El número doce remite a los apóstoles, el primer colegio
sacerdotal. Ellos recibieron el ministerio de manos del propio Jesús. Por eso
en esta oportunidad quisiera reflexionar sobre mi sacerdocio en relación a los
Doce.
Pido a Dios que mi vida esté al servicio de la fe apostólica,
esa fe sencilla y a la vez sublime. Tan sencilla como el credo de todos los
domingos, tan sublime como la Suma de
Tomás o la Trilogía de Balthasar. Tan
sencilla como un niño que reza de rodillas, tan sublime como una madre que
perdona a los verdugos de su hijo. Una fe recibida, no elucubrada. Incómoda por
momentos, pero siempre luminosa. Una fe que es la alegría más grande que se
pueda concebir, aunque no ahorre algunos dolores de cabeza.
Los obispos son los sucesores de los apóstoles, y los
presbíteros somos ordenados como colaboradores suyos. Pido a Dios vivir mi
sacerdocio en ese sentido, no como una ayuda meramente funcional, logística,
sino desde una comunión profunda. Lo mismo que en la primera hora, esos varones
elegidos tienen nombre, rostro, historia. Mi comunión con ellos quiere ser
concreta, efectiva, sincera. Hoy renuevo mi promesa de ordenación: respeto y
obediencia al obispo. Que mi sacerdocio madure en este espíritu filial, que no
exime del diálogo franco ni de la corrección fraterna. Y dentro de los
apóstoles está Pedro, la cabeza. También a él le renuevo mi adhesión, no tanto
en la carne cuanto en el Espíritu, o sea, en el misterio de la unción.

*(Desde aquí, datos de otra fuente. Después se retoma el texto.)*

lemma total_emission_le_intensity_excess: "total_emission_excess \<le> total_intensity_excess"
proof -
  have "total_emission_excess = (\<integral>\<^sup>+\<tau>. \<integral>\<^sup>+\<nu>. emission_excess \<nu> \<tau> \<partial>lborel \<partial>lborel)"
    unfolding total_emission_excess_def by (rule lborel_pair.Fubini') measurable
  also have "\<dots> \<le> (\<integral>\<^sup>+\<tau>. \<integral>\<^sup>+\<nu>. \<integral>\<^sup>+\<mu>. intensity_excess \<tau> \<mu> \<nu> \<partial>lborel \<partial>lborel \<partial>lborel)"
  proof (rule nn_integral_mono_AE)
    show "AE \<tau> in lborel. (\<integral>\<^sup>+\<nu>. emission_excess \<nu> \<tau> \<partial>lborel)
        \<le> (\<integral>\<^sup>+\<nu>. \<integral>\<^sup>+\<mu>. intensity_excess \<tau> \<mu> \<nu> \<partial>lborel \<partial>lborel)"
      using radiative_equilibrium_AE integrable_slices_AE
    proof eventually_elim
      case (elim \<tau>)
      show ?case
      proof (cases "\<tau> \<in> {0<..<Z}")
        case True
        with elim show ?thesis by (intro emission_excess_le_intensity_excess) auto
      qed (simp add: emission_excess_def)
    qed
  qed
  finally show ?thesis by (simp add: total_intensity_excess_iterated)
qed

lemma total_intensity_excess_le_transport_bound: "total_intensity_excess \<le> total_transport_bound"
proof -
  have "total_intensity_excess
      \<le> integral\<^sup>N lborel3 (\<lambda>x. transport_bound (fst x) (fst (snd x)) (snd (snd x)))"
    unfolding total_intensity_excess_def
    by (rule nn_integral_mono_AE[OF intensity_excess_le_transport_bound])
  also have "\<dots> = (\<integral>\<^sup>+\<tau>. \<integral>\<^sup>+\<nu>. \<integral>\<^sup>+\<mu>. transport_bound \<tau> \<mu> \<nu> \<partial>lborel \<partial>lborel \<partial>lborel)"
    by (subst nn_integral_lborel3) simp_all
  also have "\<dots> = total_transport_bound"
    unfolding total_transport_bound_def by (rule lborel_pair.Fubini'[symmetric]) measurable
  finally show ?thesis .
qed

lemma transport_escape_le_emission_at:
  "(\<integral>\<^sup>+\<tau>. \<integral>\<^sup>+\<mu>. transport_bound \<tau> \<mu> \<nu> \<partial>lborel \<partial>lborel) + (\<integral>\<^sup>+\<tau>. escape_loss \<nu> \<tau> \<partial>lborel)
   \<le> (\<integral>\<^sup>+\<tau>. emission_excess \<nu> \<tau> \<partial>lborel)"
proof (cases "\<nu> > 0")
  case True
  have k: "\<kappa> \<nu> > 0" using kappa[OF True] by simp
  show ?thesis
    using transport_balance[OF k, of "src_excess \<nu>" Z] True
    by (simp add: transport_bound_def transported_excess_def escape_loss_def emission_excess_def mult.assoc)
qed (simp add: transport_bound_def escape_loss_def emission_excess_def)

lemma total_transport_escape_le_emission:
  "total_transport_bound + total_escape_loss \<le> total_emission_excess"
proof -
  have "total_transport_bound + total_escape_loss
      = (\<integral>\<^sup>+\<nu>. (\<integral>\<^sup>+\<tau>. \<integral>\<^sup>+\<mu>. transport_bound \<tau> \<mu> \<nu> \<partial>lborel \<partial>lborel)
               + (\<integral>\<^sup>+\<tau>. escape_loss \<nu> \<tau> \<partial>lborel) \<partial>lborel)"
    unfolding total_transport_bound_def total_escape_loss_def by (rule nn_integral_add[symmetric]) measurable
  also have "\<dots> \<le> total_emission_excess"
    unfolding total_emission_excess_def by (intro nn_integral_mono transport_escape_le_emission_at)
  finally show ?thesis .
qed

lemma total_escape_loss_eq_0: "total_escape_loss = 0"
proof -
  have fin: "total_emission_excess \<noteq> \<infinity>"
    using total_emission_le_intensity_excess total_intensity_excess_finite by (auto simp: top_unique)
  have "total_emission_excess + total_escape_loss \<le> total_transport_bound + total_escape_loss"
    using total_emission_le_intensity_excess total_intensity_excess_le_transport_bound
    by (intro add_right_mono) (rule order_trans)
  also have "\<dots> \<le> total_emission_excess + 0"
    using total_transport_escape_le_emission by simp
  finally show ?thesis using fin by (simp add: ennreal_add_left_cancel_le)
qed

lemma transport_bound_vanishes:
  assumes \<nu>: "\<nu> > 0" and no_escape: "AE \<tau> in lborel. escape_loss \<nu> \<tau> = 0"
  shows "transport_bound \<tau> \<mu> \<nu> = 0"
proof (cases "\<tau> \<in> {0<..<Z}")
  case True
  have k: "\<kappa> \<nu> > 0" using kappa[OF \<nu>] by simp
  have "AE t in lborel. transport_kernel Z (\<kappa> \<nu>) \<tau> \<mu> t * src_excess \<nu> t = 0"
    using no_escape
  proof eventually_elim
    case (elim t)
    thus ?case using escape_rate_pos[OF k, of t Z] \<nu> True
      by (cases "t \<in> {0<..<Z}") (auto simp: escape_loss_def transport_kernel_def)
  qed
  hence "transported_excess \<tau> \<mu> \<nu> = 0"
    unfolding transported_excess_def by (subst nn_integral_0_iff_AE) measurable
  thus ?thesis by (simp add: transport_bound_def)
qed (simp add: transport_bound_def)
lemma relnorm_in_quad_field_mn: assumes "x \<in> K" shows "x * emb True True x \<in> quad_field (m * n)"
proof -
  obtain a b c d where x: "x = elem a b c d" using assms by (rule K_elemE)
  have "x * emb True True x = elem (a * a - of_int m * b * b - of_int n * c * c + of_int m * of_int n * d * d)
       0 0 (2 * a * d - 2 * b * c)"
    unfolding x emb_elem elem_mult flip_def by (simp add: algebra_simps)
  thus ?thesis unfolding quad_field_def quad_field_mn_eq by blast
qed

definition absnorm :: "real \<Rightarrow> real" where
  "absnorm x = x * emb False True x * emb True False x * emb True True x"

lemma absnorm_eq_relnorm: assumes "x \<in> K"
  shows "absnorm x = (x * emb False True x) * emb True False (x * emb False True x)"
  using assms by (simp add: absnorm_def emb_mult emb_in_K emb_emb mult.assoc)

lemma absnorm_rational: assumes "x \<in> K" shows "absnorm x \<in> \<rat>"
proof -
  obtain a b where "x * emb False True x = of_rat a + of_rat b * sqrt (of_int m)"
    using relnorm_in_quad_field_m[OF assms] unfolding quad_field_def by blast
  hence "absnorm x = elem a b 0 0 * elem a (- b) 0 0"
    unfolding absnorm_eq_relnorm[OF assms] quad_field_m_eq by (simp add: emb_elem flip_def)
  also have "\<dots> = of_rat (a * a - of_int m * b * b)" unfolding elem_mult of_rat_eq_elem by simp
  finally show ?thesis by simp
qed

lemma K_inverse: assumes "x \<in> K" "x \<noteq> 0" shows "inverse x \<in> K"
proof -
  let ?y = "emb False True x * emb True False x * emb True True x"
  have "absnorm x \<noteq> 0" unfolding absnorm_def using emb_nonzero[OF assms] assms(2) by simp
  moreover have "x * (?y * inverse (absnorm x)) = absnorm x * inverse (absnorm x)"
    unfolding absnorm_def by (simp only: mult.assoc)
  ultimately have "inverse x = ?y * inverse (absnorm x)" by (simp add: inverse_unique)
  moreover have "inverse (absnorm x) \<in> K"
    using absnorm_rational[OF assms(1)] Rats_subset_K by auto
  ultimately show ?thesis using assms(1) by (simp add: K_mult emb_in_K)
qed
(* Let $A$ be a synaptic algebra, $p,q\in P$, and put $r_p:=p\wedge(p^{\perp}\vee q)\wedge(p^{\perp}\vee q^{\perp})$ and $r_q:=q\wedge(p\vee q^{\perp})\wedge(p^{\perp}\vee q^{\perp})$. Then $pCq$ iff $r_p=r_q=0$ iff $r_pCr_q$.
   Context: Synaptic algebra (Foulis): $R$ is a real linear associative algebra with unit $1$, and $A\subseteq R$ is a real linear subspace with $1\in A$. For $a,b\in A$ write $aCb$ iff $ab=ba$; $C(a):=\{b\in A: aCb\}$; $CC(a):=\{b\in A: bCd \text{ for all } d\in C(a)\}$. $A$ is a synaptic algebra with enveloping algebra $R$ iff: (SA1) $A$ is a partially ordered archimedean real linear space with positive cone $A^+$, $1$ is an order unit, $\|\cdot\|$ the order-unit norm; (SA2) $a\in A\Rightarrow a^2\in A^+$; (SA3) $a,b\in A^+\Rightarrow aba\in A^+$; (SA4) if $a\in A$, $b\in A^+$, $aba=0$ then $ab=ba=0$; (SA5) if $a\in A^+$ there is $b\in A^+\cap CC(a)$ with $b^2=a$; (SA6) for $a\in A$ there is $p=p^2\in A$ with $ab=0\Leftrightarrow pb=0$ for all $b\in A$; (SA7) if $1\le a$ there is $b\in A$ with $ab=ba=1$; (SA8) if $a,b\in A$, $a_1\le a_2\le\cdots$ are pairwise commuting elements of $C(b)$ with $\|a-a_n\|\to0$, then $a\in C(b)$. $A$ is nondegenerate. $P:=\{p\in A:p=p^2\}$ with the order inherited from $A$ is an orthomodular lattice with orthocomplement $p^{\perp}:=1-p$, meet $\wedge$, join $\vee$. *)

theory Defs
  imports Complex_Main
begin

text \<open>The enveloping algebra R is the type 'a (a real linear associative algebra with unit,
class real_algebra_1); A is a subset of R; Apos is the positive cone of A.\<close>

definition sa_le :: "'a::real_algebra_1 set \<Rightarrow> 'a \<Rightarrow> 'a \<Rightarrow> bool" where
  "sa_le Apos a b \<longleftrightarrow> b - a \<in> Apos"

definition comm_set :: "'a::real_algebra_1 set \<Rightarrow> 'a \<Rightarrow> 'a set" where
  "comm_set A a = {b \<in> A. a * b = b * a}"

definition bicomm_set :: "'a::real_algebra_1 set \<Rightarrow> 'a \<Rightarrow> 'a set" where
  "bicomm_set A a = {b \<in> A. \<forall>d \<in> comm_set A a. b * d = d * b}"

Eran doce. Y Jesús los eligió bien distintos: cultos y rudos,
colaboracionistas y sediciosos, mansos y coléricos. También mi sacerdocio tiene
sus tensiones, como las tiene cualquier ser humano. La diversidad es una gracia
que nos habla de la grandeza de Dios. Que el Espíritu armonice todo eso que
sembró en mí. Que Él integre las muchas facetas apostólicas que me habitan. Y
que perdone al traidor, al Judas que me gana más de lo que me gustaría. Mejor
dicho, que yo no desespere como Judas sino que llore arrepentido como Pedro.
Que pueda confiar siempre en la misericordia segura que se me ofrece a manos
llenas, como una escuela que me enseña a derramarla sobre los demás.
El número doce dice universalidad. Pido al Padre que mi
sacerdocio sea para todos. Que no haga nunca acepción de personas. En un mundo
tan dividido quisiera ser, en nombre de Jesús, signo de unidad. Que Él me
conceda el don de acortar distancias, permaneciendo firme en la brecha,
bregando por la reconciliación que tanto necesitamos. Y que no se pierda
ninguno de los que me confió. Que pueda salir en busca de la oveja extraviada,
la que reniega del amor del Padre. Prefiero tropezar en esa tarea antes que
bailar en la comodidad del corral.
Por último, una referencia al Evangelio de hoy. Sobre el fin del
mundo Jesús no responde cuándo ni dónde sino que describe el contexto. El
panorama es duro; algo así como un parto cósmico y eclesial. Pero las
tribulaciones, dice Jesús, sucederán “para que puedan dar testimonio de mí (eis martyrion)” (Lc 21,13). Las persecuciones son una ocasión
privilegiada para mostrar la verdad de nuestro amor. Eso mismo hizo Jesús en la
cruz. Y a doce años ratifico uno de mis lemas de ordenación, en clave de
súplica más que de realidad adquirida: “Para esto he nacido, para esto he
venido al mundo, para dar testimonio de la verdad (martyreso te aletheia)” (Jn 18,37).